Ctesibus a donné le nom à son instrument Hydraulis (ὕδραυλις), Fait avec les racines de ὕδωρ (Eau) et αὐλός (Flute), à ​​partir duquel il est dérivé l'adjectif hydraulique, initialement utilisé uniquement pour l'organe, puis étendu à des objets sans relation avec la musique.

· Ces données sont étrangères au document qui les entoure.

lemma mat_poly_pCons: "mat_poly m (pCons a p) A = msc a (idm m) + mmul m A (mat_poly m p A)"
proof -
  define L where "L = Suc (degree p)"
  have d1: "degree (pCons a p) < Suc L" using degree_pCons_le[of a p] by (simp add: L_def)
  have d2: "degree p < L" by (simp add: L_def)
  have "mat_poly m (pCons a p) A = (\<Sum>t<Suc L. msc (coeff (pCons a p) t) (mat_pow m A t))"
    by (rule mat_poly_eq_sum_lessThan[OF d1])
  also have "\<dots> = msc a (idm m) + (\<Sum>t<L. msc (coeff p t) (mat_pow m A (Suc t)))"
    by (simp only: sum.lessThan_Suc_shift coeff_pCons_0 coeff_pCons_Suc mat_pow.simps(1))
  also have "(\<Sum>t<L. msc (coeff p t) (mat_pow m A (Suc t))) = mmul m A (mat_poly m p A)"
    by (simp add: mat_poly_eq_sum_lessThan[OF d2] mmul_sum_right mmul_msc_right)
  finally show ?thesis .
qed

lemma mat_poly_zero [simp]: "mat_poly m 0 A = 0"
  by (simp add: mat_poly_def)

lemma mat_poly_mult:
  assumes Am: "mat_on m m A"
  shows "mat_poly m (p * q) A = mmul m (mat_poly m p A) (mat_poly m q A)"
proof (induction p)
  case 0
  then show ?case by simp
next
  case (pCons a p)
  have qm: "mat_on m m (mat_poly m q A)" by (rule mat_on_mat_poly[OF Am])
  have "mat_poly m (pCons a p * q) A = msc a (mat_poly m q A) + (msc 0 (idm m) + mmul m A (mat_poly m (p * q) A))"
    by (simp add: mat_poly_add mat_poly_smult mat_poly_pCons del: msc_zero)
  also have "\<dots> = msc a (mat_poly m q A) + mmul m A (mmul m (mat_poly m p A) (mat_poly m q A))"
    using pCons.IH by simp
  also have "\<dots> = mmul m (mat_poly m (pCons a p) A) (mat_poly m q A)"
    by (simp add: mat_poly_pCons mmul_add_left mmul_msc_idm[OF qm] mmul_assoc)
  finally show ?case .
qed

lemma mat_poly_hom:
  assumes F: "is_rmod sc (m, \<rho>)" and A: "A \<in> hom (m, \<rho>) (m, \<rho>)"
  shows "mat_poly m p A \<in> hom (m, \<rho>) (m, \<rho>)"
proof -
  have mp: "mat_pow m A t \<in> hom (m, \<rho>) (m, \<rho>)" for t
    by (induction t) (auto intro: idm_hom[OF F] hom_comp[OF A])
  then have "\<And>T. finite T \<Longrightarrow> (\<Sum>t\<in>T. msc (coeff p t) (mat_pow m A t)) \<in> hom (m, \<rho>) (m, \<rho>)"
  proof -
    fix T :: "nat set" assume "finite T"
    then show "(\<Sum>t\<in>T. msc (coeff p t) (mat_pow m A t)) \<in> hom (m, \<rho>) (m, \<rho>)"
    proof (induction T rule: finite_induct)
      case empty
      show ?case by (simp only: sum.empty) (rule hom_zero)
    next
      case (insert x F)
      show ?case by (simp only: sum.insert[OF insert(1,2)]) (rule hom_add[OF hom_msc[OF mp] insert.IH])
    qed
  qed
  then show ?thesis unfolding mat_poly_def by blast
qed

lemma mat_pow_intertwine:
  assumes pim: "mat_on m m' \<pi>" and comm: "mmul m A \<pi> = mmul m' \<pi> \<epsilon>"
  shows "mmul m (mat_pow m A t) \<pi> = mmul m' \<pi> (mat_pow m' \<epsilon> t)"
proof (induction t)
  case 0
  then show ?case using pim by (simp add: mmul_idm_left mmul_idm_right)
next
  case (Suc t)
  have "mmul m (mat_pow m A (Suc t)) \<pi> = mmul m A (mmul m' \<pi> (mat_pow m' \<epsilon> t))"
    by (simp add: mmul_assoc Suc)
  also have "\<dots> = mmul m' \<pi> (mat_pow m' \<epsilon> (Suc t))"
    by (simp add: mmul_assoc[symmetric] comm)
  finally show ?case .
qed
(* Let $X$ be a random variable with survival function $\overline{F}(x) = \mathbb{P}(X > x)$ given by $\overline{F}(x) = 1$ for $x < 0$ and $\overline{F}(x) = (\lfloor x \rfloor + 2)^{-1}$ for $x \geq 0$. For $n \geq 2$ let $X_1, \dots, X_n$ be i.i.d. copies of $X$ and $\overline{X}_n = \frac{1}{n}\sum_{i=1}^n X_i$. Then $X \leq_{\mathrm{st}} \overline{X}_n$ for all $n \geq 2$.
   Context: For random variables $X, Y$, $X \leq_{\mathrm{st}} Y$ means $\mathbb{P}(X > x) \leq \mathbb{P}(Y > x)$ for all $x \in \mathbb{R}$. *)

theory Defs
  imports "HOL-Probability.Probability"
begin

definition surv_ex :: "real \<Rightarrow> real" where
  "surv_ex x = (if x < 0 then 1 else 1 / (real_of_int \<lfloor>x\<rfloor> + 2))"

definition st_le :: "'a measure \<Rightarrow> ('a \<Rightarrow> real) \<Rightarrow> ('a \<Rightarrow> real) \<Rightarrow> bool" where
  "st_le M X Y \<longleftrightarrow> (\<forall>x::real. measure M {\<omega> \<in> space M. X \<omega> > x} \<le> measure M {\<omega> \<in> space M. Y \<omega> > x})"

end

theory Submission
  imports Defs
begin

text \<open>
  Write \<open>F = surv_ex\<close>. Since \<open>X \<ge> 0\<close> almost surely, the sample mean exceeds \<open>x\<close> as soon as
  one of the \<open>X\<^sub>i\<close> exceeds \<open>n x\<close>, so by independence it exceeds \<open>x\<close> with probability at
  least \<open>1 - (1 - F(n x))\<^sup>n\<close>. With \<open>b = \<lfloor>x\<rfloor> + 1\<close> we have \<open>1 - F(n x) \<le> n b / (n b + 1)\<close>,
  and Bernoulli's inequality \<open>(1 + 1/(n b))\<^sup>n \<ge> 1 + 1/b\<close> turns this into
  \<open>(1 - F(n x))\<^sup>n \<le> 1 - F(x)\<close>.
\<close>

lemma power_mult_div_add_one_le:
  fixes b :: real and n :: nat
  assumes "0 < b" and "n \<ge> 1"
  shows "(real n * b / (real n * b + 1)) ^ n \<le> b / (b + 1)"
proof -
  define N where "N = real n * b"
  have "N > 0" using assms unfolding N_def by simp
  have "(b + 1) / b = 1 + real n * (1 / N)"
    using assms unfolding N_def by (simp add: field_simps)
  also have "\<dots> \<le> (1 + 1 / N) ^ n"
    using \<open>N > 0\<close> by (intro Bernoulli_inequality) (smt (verit) divide_pos_pos)
  also have "\<dots> = ((N + 1) / N) ^ n"
    using \<open>N > 0\<close> by (simp add: field_simps)
  finally have "1 / ((N + 1) / N) ^ n \<le> 1 / ((b + 1) / b)"
    using assms \<open>N > 0\<close> by (intro divide_left_mono mult_pos_pos) auto
  then show ?thesis
    unfolding N_def by (simp add: power_divide)
qed

lemma surv_ex_le_max_tail:
  fixes n :: nat
  assumes "n \<ge> 1"
  shows "surv_ex x \<le> 1 - (1 - surv_ex (real n * x)) ^ n"
proof (cases "x < 0")
  case True
  then have "real n * x < 0" using assms by (simp add: mult_pos_neg)
  with True assms show ?thesis by (simp add: surv_ex_def power_0_left)
next
  case False
  then have "\<not> real n * x < 0" by (simp add: not_less)
  define b where "b = real_of_int \<lfloor>x\<rfloor> + 1"
  define k where "k = real_of_int \<lfloor>real n * x\<rfloor> + 1"
  have "b \<ge> 1" "k \<ge> 1"
    using False assms unfolding b_def k_def by auto
  have "real n * x < real n * b"
    using assms unfolding b_def by (intro mult_strict_left_mono) (linarith, simp)
  then have "\<lfloor>real n * x\<rfloor> < int n * (\<lfloor>x\<rfloor> + 1)"
    unfolding b_def by (simp add: floor_less_iff)
  then have "\<lfloor>real n * x\<rfloor> + 1 \<le> int n * (\<lfloor>x\<rfloor> + 1)"
    by simp
  then have "real_of_int (\<lfloor>real n * x\<rfloor> + 1) \<le> real_of_int (int n * (\<lfloor>x\<rfloor> + 1))"
    by (rule of_int_le_iff[THEN iffD2])
  then have "k \<le> real n * b"
    unfolding k_def b_def by simp
  then have "k / (k + 1) \<le> real n * b / (real n * b + 1)"
    using \<open>k \<ge> 1\<close> by (simp add: field_simps)
  then have "(k / (k + 1)) ^ n \<le> (real n * b / (real n * b + 1)) ^ n"
    using \<open>k \<ge> 1\<close> by (intro power_mono) auto
  also have "\<dots> \<le> b / (b + 1)"
    using \<open>b \<ge> 1\<close> assms by (intro power_mult_div_add_one_le) auto
  finally have "(k / (k + 1)) ^ n \<le> b / (b + 1)" .
  moreover have "surv_ex (real n * x) = 1 / (k + 1)"
    using \<open>\<not> real n * x < 0\<close> unfolding surv_ex_def k_def by (simp add: add.commute)
  then have "1 - surv_ex (real n * x) = k / (k + 1)"
    using \<open>k \<ge> 1\<close> by (simp add: field_simps)
  moreover have "surv_ex x = 1 / (b + 1)"
    using False unfolding surv_ex_def b_def by (simp add: add.commute)
  then have "surv_ex x = 1 - b / (b + 1)"
    using \<open>b \<ge> 1\<close> by (simp add: field_simps)
  ultimately show ?thesis by simp
qed

context prob_space
begin

lemma AE_ge_if_prob_gt_eq_1:
  fixes a :: real
  assumes "random_variable borel X"
    and "\<And>x. x < a \<Longrightarrow> prob {\<omega> \<in> space M. X \<omega> > x} = 1"
  shows "AE \<omega> in M. X \<omega> \<ge> a"
proof -
  have "AE \<omega> in M. X \<omega> > a - 1 / Suc k" for k
    using assms by (subst prob_Collect_eq_1[symmetric]) auto
  then have "AE \<omega> in M. \<forall>k. X \<omega> > a - 1 / Suc k"
    by (simp add: AE_all_countable)
  then show ?thesis
  proof eventually_elim
    case (elim \<omega>)
    show "X \<omega> \<ge> a"
    proof (rule ccontr)
      assume "\<not> X \<omega> \<ge> a"
      then obtain k where "1 / Suc k < a - X \<omega>"
        using reals_Archimedean by (metis diff_gt_0_iff_gt inverse_eq_divide not_le)
      with elim show False by (smt (verit))
    qed
  qed
qed

lemma prob_gt_eq_if_distr_eq:
  fixes X Y :: "'a \<Rightarrow> real"
  assumes "random_variable borel X" "random_variable borel Y"
    and "distr M borel X = distr M borel Y"
  shows "prob {\<omega> \<in> space M. X \<omega> > t} = prob {\<omega> \<in> space M. Y \<omega> > t}"
proof -
  have "{\<omega> \<in> space M. Z \<omega> > t} = Z -` {t<..} \<inter> space M" for Z :: "'a \<Rightarrow> real"
    by auto
  then show ?thesis
    using assms by (simp add: measure_distr[symmetric])
qed

lemma prob_exists_gt_indep:
  fixes X :: "'i \<Rightarrow> 'a \<Rightarrow> real"
  assumes "indep_vars (\<lambda>_. borel) X I" and "finite I"
  shows "prob {\<omega> \<in> space M. \<exists>i\<in>I. X i \<omega> > t} = 1 - (\<Prod>i\<in>I. 1 - prob {\<omega> \<in> space M. X i \<omega> > t})"
proof (cases "I = {}")
  case False
  have meas: "X i -` A \<inter> space M \<in> events" if "i \<in> I" "A \<in> sets borel" for i A
    using assms(1) that unfolding indep_vars_def by (auto intro: measurable_sets)
  have "{\<omega> \<in> space M. \<exists>i\<in>I. X i \<omega> > t} = space M - (\<Inter>i\<in>I. X i -` {..t} \<inter> space M)"
    using False by (auto simp: not_le)
  moreover have "prob (\<Inter>i\<in>I. X i -` {..t} \<inter> space M) = (\<Prod>i\<in>I. prob (X i -` {..t} \<inter> space M))"
    using False assms by (intro indep_varsD_finite) auto
  moreover have "prob (X i -` {..t} \<inter> space M) = 1 - prob {\<omega> \<in> space M. X i \<omega> > t}"
    if "i \<in> I" for i
  proof -
    have "X i -` {..t} \<inter> space M = space M - (X i -` {t<..} \<inter> space M)" by auto
    then show ?thesis
      using prob_compl[OF meas[OF that, of "{t<..}"]] by (simp add: vimage_def Int_def conj_commute)
  qed
  moreover have "(\<Inter>i\<in>I. X i -` {..t} \<inter> space M) \<in> events"
    using False assms(2) meas by (intro sets.finite_INT) auto
  ultimately show ?thesis
    by (simp add: prob_compl)
qed simp

lemma prob_exists_gt_le_prob_sum_gt:
  fixes X :: "'i \<Rightarrow> 'a \<Rightarrow> real"
  assumes "finite I" and "\<And>i. i \<in> I \<Longrightarrow> random_variable borel (X i)"
    and "AE \<omega> in M. \<forall>i\<in>I. X i \<omega> \<ge> 0"
  shows "prob {\<omega> \<in> space M. \<exists>i\<in>I. X i \<omega> > t} \<le> prob {\<omega> \<in> space M. (\<Sum>i\<in>I. X i \<omega>) > t}"
proof (rule finite_measure_mono_AE)
  show "AE \<omega> in M. \<omega> \<in> {\<omega> \<in> space M. \<exists>i\<in>I. X i \<omega> > t} \<longrightarrow> \<omega> \<in> {\<omega> \<in> space M. (\<Sum>i\<in>I. X i \<omega>) > t}"
    using assms(3)
  proof eventually_elim
    case (elim \<omega>)
    show ?case
    proof
      assume "\<omega> \<in> {\<omega> \<in> space M. \<exists>i\<in>I. X i \<omega> > t}"
      then obtain i where "i \<in> I" "\<omega> \<in> space M" "X i \<omega> > t" by blast
      moreover have "X i \<omega> \<le> (\<Sum>i\<in>I. X i \<omega>)"
        using elim assms(1) \<open>i \<in> I\<close> by (intro member_le_sum) auto
      ultimately show "\<omega> \<in> {\<omega> \<in> space M. (\<Sum>i\<in>I. X i \<omega>) > t}" by simp
    qed
  qed
  show "{\<omega> \<in> space M. (\<Sum>i\<in>I. X i \<omega>) > t} \<in> events"
    using assms(2) by measurable
qed

end

theorem proposition2:
  fixes M :: "'a measure" and X :: "'a \<Rightarrow> real" and Xs :: "nat \<Rightarrow> 'a \<Rightarrow> real" and n :: nat
  assumes "prob_space M"
    and "X \<in> borel_measurable M"
    and "\<And>x. measure M {\<omega> \<in> space M. X \<omega> > x} = surv_ex x"
    and "n \<ge> 2"
    and "prob_space.indep_vars M (\<lambda>_. borel) Xs {1..n}"
    and "\<And>i. i \<in> {1..n} \<Longrightarrow> distr M borel (Xs i) = distr M borel X"
  shows "st_le M X (\<lambda>\<omega>. (\<Sum>i=1..n. Xs i \<omega>) / real n)"
proof -
  interpret prob_space M by fact
  have meas: "random_variable borel (Xs i)" if "i \<in> {1..n}" for i
    using assms(5) that unfolding indep_vars_def by auto
  have surv: "prob {\<omega> \<in> space M. Xs i \<omega> > t} = surv_ex t" if "i \<in> {1..n}" for i t
    using prob_gt_eq_if_distr_eq[OF meas[OF that] assms(2) assms(6)[OF that]] assms(3) by simp
  have nonneg: "AE \<omega> in M. \<forall>i\<in>{1..n}. Xs i \<omega> \<ge> 0"
    using meas surv by (intro AE_ball_countable' AE_ge_if_prob_gt_eq_1) (auto simp: surv_ex_def)
  have "prob {\<omega> \<in> space M. X \<omega> > x} \<le> prob {\<omega> \<in> space M. (\<Sum>i=1..n. Xs i \<omega>) / real n > x}" for x
  proof -
    have "prob {\<omega> \<in> space M. X \<omega> > x} \<le> 1 - (1 - surv_ex (real n * x)) ^ n"
      using assms(3,4) surv_ex_le_max_tail[of n x] by simp
    also have "\<dots> = prob {\<omega> \<in> space M. \<exists>i\<in>{1..n}. Xs i \<omega> > real n * x}"
      using prob_exists_gt_indep[OF assms(5)] surv by simp
    also have "\<dots> \<le> prob {\<omega> \<in> space M. (\<Sum>i=1..n. Xs i \<omega>) > real n * x}"
      using meas nonneg by (intro prob_exists_gt_le_prob_sum_gt) auto
    also have "\<dots> = prob {\<omega> \<in> space M. (\<Sum>i=1..n. Xs i \<omega>) / real n > x}"
      using assms(4) by (simp add: field_simps)
    finally show ?thesis .
  qed
  then show ?thesis
    unfolding st_le_def by simp
qed

end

L'orgue a été amélioré plus tard en remplaçant la cartouche à l'eau avec un soufflet. Dans l'Empire et de l'époque byzantine est venu en Europe lorsque l'empereur byzantin Constantin V Il a donné un instrument de ce type au roi des Francs Pépin le Bref.

notes

  1. ^ Ateneo, Deipnosophistae, IV, 174d. Ce n'est pas la seule inexactitude Université, ou plutôt Aristoclès, y compris Ateneo apporte une piste. Non seulement l'organe est décrit avec diverses erreurs, mais il fait aussi une distinction absurde entre un barbier Ctésibios, inventeur d'organes, et un ingénieur Ctésibios, auteur de toutes les autres inventions.
  2. ^ Vitruve, de architectura, IX, VIII, 2-3
  3. ^ Hedylus, dans un épigramme cité par l'Université (Deipnosophistae, 497d-e) met en évidence un dispositif hydraulique avec des effets sonores conçus par Ctesibus pour le temple dédié, autour de la 270 BC, la reine Arsinoé II.
  4. ^ Philon de Byzance, Belopoeica, 50, 24-26.
  5. ^ Philon de Byzance, Belopoeica , 77, 26-78, 2.
  6. ^ Université mécanique, de machinis, 29, 10.
  7. ^ Vitruve, de architectura, X, vii, 5.
  8. ^ Ateneo, Deipnosophistae, IV, 174e.
  9. ^ Marsden, op. cit. (Techniques Treatises), pp.1-2. Marsden estime que le titre transmis des manuscrits pourrait signifier Héron rédaction de Belopoeica de Ctesibus.
  10. ^ Philon de Byzance, Belopoeica , 77, 12.
  11. ^ Vitruve, de architectura, I, i, 8. Il est ici traduit philosophie de la nature ce que Vitruve appelé en latin de Natura Rerum, Ajoutant que est appelé par les Grecs Physiologia.
  12. ^ Sur ce point, voir. Prager, op.cit., P. 12.
  13. ^ Vitruve, de architectura, X, vii, 1-3. Pline (Naturalis Historia , VII, 38) dit que Ctesibus était devenu connu pour les inventions et organes de la pompe.
  14. ^ Heron, pneumatique, I, xxviii.
  15. ^ Les fouilles ont fourni 25 spécimens. Voir. Orjan Wikander (ed.), Manuel de l'ancienne technologie de l'eau, Leiden, Brill, 2000, p. 272, note 96.
  16. ^ Vitruve, de architectura, IX, VIII, 4-7
  17. ^ Philon de Byzance, Belopoeica, 67, 28-73, 20.
  18. ^ Philon de Byzance, Belopoeica, 77, 7-78, 26.
  19. ^ Vitruve, de Architectura, X, viii
  20. ^ Heron, pneumatique, I, 42

sources

bibliographie

  • A. G. Drachmann, Ktesibios, Philon et Heron: A Study in Ancient pneumatique, Copenhague. Ejnar Munksgaard, 1948.
  • J. Perrot, Le orgue de SES à la hellénistiques Origène fin du XIIIe siècle, Paris, Picard, 1965.
  • E. W. Marsden, Artillerie grecque et romaine. développement historique, Oxford, au Clarendon Press, 1969.
  • E. W. Marsden, Artillerie grecque et romaine. Treatises techniques, Oxford, au Clarendon Press, 1971.
  • F. D. Prager, introduction à Philo de Byzance, pneumatique, Wiesbaden, Ludwig Reichert Verlag, 1974.